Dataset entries
=== Begin Enclosure ===

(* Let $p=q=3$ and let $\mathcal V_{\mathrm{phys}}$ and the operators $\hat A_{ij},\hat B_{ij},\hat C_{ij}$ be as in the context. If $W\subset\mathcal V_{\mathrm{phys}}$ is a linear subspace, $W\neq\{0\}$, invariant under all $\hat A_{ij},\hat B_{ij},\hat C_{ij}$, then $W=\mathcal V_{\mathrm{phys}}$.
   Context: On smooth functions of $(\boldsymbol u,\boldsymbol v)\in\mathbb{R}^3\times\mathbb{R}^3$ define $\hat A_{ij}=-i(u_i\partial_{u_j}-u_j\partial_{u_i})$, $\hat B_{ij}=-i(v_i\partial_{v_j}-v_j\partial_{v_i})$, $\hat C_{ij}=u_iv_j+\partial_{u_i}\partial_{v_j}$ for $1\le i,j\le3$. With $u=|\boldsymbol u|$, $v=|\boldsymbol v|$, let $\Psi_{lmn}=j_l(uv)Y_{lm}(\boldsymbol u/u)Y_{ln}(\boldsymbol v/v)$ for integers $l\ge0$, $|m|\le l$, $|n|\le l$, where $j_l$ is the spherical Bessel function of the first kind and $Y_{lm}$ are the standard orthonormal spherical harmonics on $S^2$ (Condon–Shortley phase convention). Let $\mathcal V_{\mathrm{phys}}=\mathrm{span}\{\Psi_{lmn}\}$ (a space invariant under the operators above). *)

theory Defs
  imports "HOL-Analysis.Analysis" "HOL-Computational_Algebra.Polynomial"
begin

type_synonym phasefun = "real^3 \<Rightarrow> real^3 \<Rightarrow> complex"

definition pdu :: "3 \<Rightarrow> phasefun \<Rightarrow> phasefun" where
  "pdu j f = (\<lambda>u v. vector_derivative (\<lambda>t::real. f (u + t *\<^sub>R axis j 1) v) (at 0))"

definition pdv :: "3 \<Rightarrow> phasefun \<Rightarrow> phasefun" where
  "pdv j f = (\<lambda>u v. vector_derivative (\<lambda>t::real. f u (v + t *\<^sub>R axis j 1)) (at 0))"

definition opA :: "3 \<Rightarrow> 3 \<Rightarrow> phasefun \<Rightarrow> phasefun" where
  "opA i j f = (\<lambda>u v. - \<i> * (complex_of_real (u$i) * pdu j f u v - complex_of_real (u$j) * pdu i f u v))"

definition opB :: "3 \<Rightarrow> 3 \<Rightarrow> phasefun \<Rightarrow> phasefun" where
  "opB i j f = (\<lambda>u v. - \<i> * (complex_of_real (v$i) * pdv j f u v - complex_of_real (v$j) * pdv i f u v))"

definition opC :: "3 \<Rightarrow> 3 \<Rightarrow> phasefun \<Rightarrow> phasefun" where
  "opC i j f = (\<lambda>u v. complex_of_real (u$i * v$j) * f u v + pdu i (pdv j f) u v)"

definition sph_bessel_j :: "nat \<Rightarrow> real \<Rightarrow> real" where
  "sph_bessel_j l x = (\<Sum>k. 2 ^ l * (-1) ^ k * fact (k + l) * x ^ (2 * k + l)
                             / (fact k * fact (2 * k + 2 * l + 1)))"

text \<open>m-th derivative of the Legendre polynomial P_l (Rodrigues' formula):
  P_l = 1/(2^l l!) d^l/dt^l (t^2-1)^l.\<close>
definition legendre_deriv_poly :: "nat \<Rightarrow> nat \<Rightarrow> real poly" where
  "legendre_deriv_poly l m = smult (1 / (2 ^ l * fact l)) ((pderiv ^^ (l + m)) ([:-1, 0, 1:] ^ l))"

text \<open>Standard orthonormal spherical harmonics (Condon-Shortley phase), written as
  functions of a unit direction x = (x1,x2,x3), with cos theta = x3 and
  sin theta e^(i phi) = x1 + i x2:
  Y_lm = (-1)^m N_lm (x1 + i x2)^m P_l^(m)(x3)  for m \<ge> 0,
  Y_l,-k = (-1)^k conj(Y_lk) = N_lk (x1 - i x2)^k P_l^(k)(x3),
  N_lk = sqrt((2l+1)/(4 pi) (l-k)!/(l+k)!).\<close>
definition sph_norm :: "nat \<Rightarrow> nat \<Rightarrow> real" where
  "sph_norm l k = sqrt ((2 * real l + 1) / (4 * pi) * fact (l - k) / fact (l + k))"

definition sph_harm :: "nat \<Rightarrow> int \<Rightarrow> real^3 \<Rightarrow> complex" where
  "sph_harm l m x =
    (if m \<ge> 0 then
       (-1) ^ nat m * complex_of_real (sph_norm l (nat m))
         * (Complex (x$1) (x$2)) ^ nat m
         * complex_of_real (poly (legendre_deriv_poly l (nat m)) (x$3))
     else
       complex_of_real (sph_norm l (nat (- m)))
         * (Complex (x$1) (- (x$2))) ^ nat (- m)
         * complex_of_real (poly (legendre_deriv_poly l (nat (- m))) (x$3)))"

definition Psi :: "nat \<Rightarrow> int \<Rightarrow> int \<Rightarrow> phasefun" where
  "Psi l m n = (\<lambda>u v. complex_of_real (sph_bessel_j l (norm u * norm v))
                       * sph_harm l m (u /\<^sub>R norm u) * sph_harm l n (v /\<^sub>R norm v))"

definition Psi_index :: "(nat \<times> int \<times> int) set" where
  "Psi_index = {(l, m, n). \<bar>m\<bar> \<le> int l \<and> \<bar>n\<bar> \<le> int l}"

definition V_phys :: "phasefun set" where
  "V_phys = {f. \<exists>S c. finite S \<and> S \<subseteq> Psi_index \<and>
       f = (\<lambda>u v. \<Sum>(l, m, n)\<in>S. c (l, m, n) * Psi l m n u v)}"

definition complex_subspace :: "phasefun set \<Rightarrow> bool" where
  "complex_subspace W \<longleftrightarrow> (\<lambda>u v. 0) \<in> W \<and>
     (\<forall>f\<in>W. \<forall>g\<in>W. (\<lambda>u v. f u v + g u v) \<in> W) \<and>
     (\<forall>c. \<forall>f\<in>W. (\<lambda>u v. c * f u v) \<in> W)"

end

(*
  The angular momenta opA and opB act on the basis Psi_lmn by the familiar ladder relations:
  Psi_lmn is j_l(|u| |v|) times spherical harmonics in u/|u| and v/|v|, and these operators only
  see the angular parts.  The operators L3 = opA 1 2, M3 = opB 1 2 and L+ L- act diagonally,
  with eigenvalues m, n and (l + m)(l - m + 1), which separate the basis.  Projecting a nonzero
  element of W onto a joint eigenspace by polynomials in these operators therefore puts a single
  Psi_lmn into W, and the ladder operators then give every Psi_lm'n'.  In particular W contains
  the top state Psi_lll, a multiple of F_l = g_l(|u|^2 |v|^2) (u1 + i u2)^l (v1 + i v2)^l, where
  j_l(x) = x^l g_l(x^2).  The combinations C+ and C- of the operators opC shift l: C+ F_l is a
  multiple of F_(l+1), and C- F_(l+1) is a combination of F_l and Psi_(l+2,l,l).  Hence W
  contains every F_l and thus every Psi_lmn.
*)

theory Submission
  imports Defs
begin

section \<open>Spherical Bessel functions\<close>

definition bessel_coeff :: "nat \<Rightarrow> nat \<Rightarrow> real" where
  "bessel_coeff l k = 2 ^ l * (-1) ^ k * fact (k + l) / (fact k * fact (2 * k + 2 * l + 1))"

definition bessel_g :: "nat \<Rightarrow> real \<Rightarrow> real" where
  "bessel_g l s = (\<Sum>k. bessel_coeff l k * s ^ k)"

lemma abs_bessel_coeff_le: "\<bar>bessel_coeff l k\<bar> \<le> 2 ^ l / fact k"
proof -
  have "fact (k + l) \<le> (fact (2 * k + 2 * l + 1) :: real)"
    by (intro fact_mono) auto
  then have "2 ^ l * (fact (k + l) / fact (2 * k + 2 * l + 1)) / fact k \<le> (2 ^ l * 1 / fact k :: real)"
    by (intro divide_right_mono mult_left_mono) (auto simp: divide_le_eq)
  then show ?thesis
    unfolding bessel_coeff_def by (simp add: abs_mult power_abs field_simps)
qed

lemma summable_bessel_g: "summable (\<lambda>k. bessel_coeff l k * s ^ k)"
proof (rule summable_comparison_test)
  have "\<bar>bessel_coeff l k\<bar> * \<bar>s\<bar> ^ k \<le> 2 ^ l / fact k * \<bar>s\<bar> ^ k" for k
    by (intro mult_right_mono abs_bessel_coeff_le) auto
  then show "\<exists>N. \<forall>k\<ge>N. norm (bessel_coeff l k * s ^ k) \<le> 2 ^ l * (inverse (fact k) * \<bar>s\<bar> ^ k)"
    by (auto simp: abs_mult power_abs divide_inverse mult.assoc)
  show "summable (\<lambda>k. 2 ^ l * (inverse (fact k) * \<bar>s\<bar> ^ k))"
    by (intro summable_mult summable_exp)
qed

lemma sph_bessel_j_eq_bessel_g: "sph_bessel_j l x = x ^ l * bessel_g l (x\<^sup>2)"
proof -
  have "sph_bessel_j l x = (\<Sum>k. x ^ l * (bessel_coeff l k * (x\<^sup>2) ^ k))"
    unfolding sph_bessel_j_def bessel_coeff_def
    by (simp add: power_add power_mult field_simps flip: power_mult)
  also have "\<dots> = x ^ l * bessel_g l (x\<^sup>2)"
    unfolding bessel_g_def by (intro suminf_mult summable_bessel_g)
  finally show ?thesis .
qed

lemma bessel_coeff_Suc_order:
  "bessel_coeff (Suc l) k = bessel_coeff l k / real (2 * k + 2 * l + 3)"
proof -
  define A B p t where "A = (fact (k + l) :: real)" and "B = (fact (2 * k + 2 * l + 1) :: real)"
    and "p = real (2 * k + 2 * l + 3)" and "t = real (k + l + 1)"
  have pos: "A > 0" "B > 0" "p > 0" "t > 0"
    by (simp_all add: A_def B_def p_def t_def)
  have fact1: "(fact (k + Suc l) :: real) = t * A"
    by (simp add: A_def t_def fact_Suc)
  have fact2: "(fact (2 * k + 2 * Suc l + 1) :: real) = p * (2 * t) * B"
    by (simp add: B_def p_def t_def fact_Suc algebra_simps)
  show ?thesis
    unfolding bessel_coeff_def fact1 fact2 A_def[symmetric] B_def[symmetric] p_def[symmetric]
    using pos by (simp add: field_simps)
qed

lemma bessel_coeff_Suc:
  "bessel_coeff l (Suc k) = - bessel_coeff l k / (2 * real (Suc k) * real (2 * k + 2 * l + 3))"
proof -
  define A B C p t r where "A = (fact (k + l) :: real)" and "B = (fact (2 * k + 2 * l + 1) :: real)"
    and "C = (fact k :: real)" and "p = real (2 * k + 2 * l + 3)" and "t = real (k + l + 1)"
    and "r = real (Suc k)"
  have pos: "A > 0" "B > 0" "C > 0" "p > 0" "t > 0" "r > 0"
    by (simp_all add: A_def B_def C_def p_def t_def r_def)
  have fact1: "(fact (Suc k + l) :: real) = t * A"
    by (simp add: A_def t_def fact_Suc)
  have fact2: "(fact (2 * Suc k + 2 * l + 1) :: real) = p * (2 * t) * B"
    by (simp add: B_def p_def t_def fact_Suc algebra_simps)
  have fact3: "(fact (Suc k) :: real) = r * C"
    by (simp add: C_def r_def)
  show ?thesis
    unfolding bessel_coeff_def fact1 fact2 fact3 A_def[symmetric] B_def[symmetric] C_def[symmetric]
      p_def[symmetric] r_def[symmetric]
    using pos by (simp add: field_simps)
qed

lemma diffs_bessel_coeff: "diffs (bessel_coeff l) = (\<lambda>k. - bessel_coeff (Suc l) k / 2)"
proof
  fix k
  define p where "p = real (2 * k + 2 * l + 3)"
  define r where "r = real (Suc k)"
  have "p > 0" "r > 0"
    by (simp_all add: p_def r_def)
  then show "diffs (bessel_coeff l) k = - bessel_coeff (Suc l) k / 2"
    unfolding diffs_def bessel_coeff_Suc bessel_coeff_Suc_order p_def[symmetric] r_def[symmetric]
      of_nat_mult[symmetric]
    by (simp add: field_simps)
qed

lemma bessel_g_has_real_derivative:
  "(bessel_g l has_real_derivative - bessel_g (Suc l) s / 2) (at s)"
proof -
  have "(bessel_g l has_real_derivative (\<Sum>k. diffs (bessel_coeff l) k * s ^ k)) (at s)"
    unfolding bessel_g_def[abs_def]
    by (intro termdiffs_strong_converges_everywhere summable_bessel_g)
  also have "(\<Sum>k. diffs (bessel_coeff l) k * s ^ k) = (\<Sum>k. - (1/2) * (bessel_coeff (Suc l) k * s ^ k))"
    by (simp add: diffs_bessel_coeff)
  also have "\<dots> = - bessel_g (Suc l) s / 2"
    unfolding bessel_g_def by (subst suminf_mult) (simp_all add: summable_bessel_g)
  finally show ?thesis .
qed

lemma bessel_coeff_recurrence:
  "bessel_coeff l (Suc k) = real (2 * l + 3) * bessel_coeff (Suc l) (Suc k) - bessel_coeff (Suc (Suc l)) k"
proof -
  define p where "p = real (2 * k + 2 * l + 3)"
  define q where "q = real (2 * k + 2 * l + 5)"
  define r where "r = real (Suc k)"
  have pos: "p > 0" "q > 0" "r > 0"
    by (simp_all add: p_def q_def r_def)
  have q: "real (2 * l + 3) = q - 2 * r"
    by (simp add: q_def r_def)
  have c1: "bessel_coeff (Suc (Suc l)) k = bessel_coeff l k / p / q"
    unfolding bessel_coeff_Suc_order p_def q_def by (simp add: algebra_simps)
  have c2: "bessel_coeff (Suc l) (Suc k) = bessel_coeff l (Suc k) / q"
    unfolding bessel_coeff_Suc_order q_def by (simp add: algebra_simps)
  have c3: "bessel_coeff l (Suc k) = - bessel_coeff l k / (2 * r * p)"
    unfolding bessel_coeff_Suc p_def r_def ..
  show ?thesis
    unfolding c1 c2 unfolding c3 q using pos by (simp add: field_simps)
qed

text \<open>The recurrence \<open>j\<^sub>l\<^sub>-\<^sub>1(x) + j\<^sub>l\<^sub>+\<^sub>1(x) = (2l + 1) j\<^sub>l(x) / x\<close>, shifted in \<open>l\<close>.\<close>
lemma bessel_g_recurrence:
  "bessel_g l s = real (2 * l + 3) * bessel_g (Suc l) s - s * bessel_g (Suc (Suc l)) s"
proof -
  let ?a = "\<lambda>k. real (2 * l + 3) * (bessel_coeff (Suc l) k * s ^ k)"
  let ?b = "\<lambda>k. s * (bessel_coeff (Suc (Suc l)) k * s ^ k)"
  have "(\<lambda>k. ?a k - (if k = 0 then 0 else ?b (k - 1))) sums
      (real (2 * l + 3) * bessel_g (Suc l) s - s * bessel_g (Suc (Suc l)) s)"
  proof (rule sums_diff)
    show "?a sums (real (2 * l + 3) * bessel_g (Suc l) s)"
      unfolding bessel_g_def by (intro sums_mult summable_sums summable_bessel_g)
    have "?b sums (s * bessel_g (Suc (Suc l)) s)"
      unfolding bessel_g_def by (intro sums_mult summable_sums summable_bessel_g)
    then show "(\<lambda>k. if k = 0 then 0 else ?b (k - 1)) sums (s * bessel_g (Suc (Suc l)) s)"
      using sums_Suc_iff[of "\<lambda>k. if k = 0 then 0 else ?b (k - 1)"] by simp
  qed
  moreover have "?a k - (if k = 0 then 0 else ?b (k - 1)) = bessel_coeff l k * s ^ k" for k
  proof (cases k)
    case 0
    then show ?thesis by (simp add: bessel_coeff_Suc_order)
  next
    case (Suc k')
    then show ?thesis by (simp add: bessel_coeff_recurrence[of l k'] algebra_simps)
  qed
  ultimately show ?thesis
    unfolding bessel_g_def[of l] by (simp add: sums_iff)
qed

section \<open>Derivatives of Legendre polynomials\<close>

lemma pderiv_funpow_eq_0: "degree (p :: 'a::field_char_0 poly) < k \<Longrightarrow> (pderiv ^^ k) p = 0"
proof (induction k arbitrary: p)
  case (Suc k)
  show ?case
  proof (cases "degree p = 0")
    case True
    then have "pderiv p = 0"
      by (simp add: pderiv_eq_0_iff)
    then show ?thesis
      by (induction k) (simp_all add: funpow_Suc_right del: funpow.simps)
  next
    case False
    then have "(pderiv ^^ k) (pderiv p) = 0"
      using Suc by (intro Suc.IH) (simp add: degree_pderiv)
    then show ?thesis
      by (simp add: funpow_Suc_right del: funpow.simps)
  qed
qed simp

=== End Enclosure ===

Task requirements
Whenever a line of the data holds the string "using", pick that line out.

Exercise output
    using pos by (simp add: field_simps)
    using pos by (simp add: field_simps)
    unfolding c1 c2 unfolding c3 q using pos by (simp add: field_simps)
      using sums_Suc_iff[of "\<lambda>k. if k = 0 then 0 else ?b (k - 1)"] by simp
      using Suc by (intro Suc.IH) (simp add: degree_pderiv)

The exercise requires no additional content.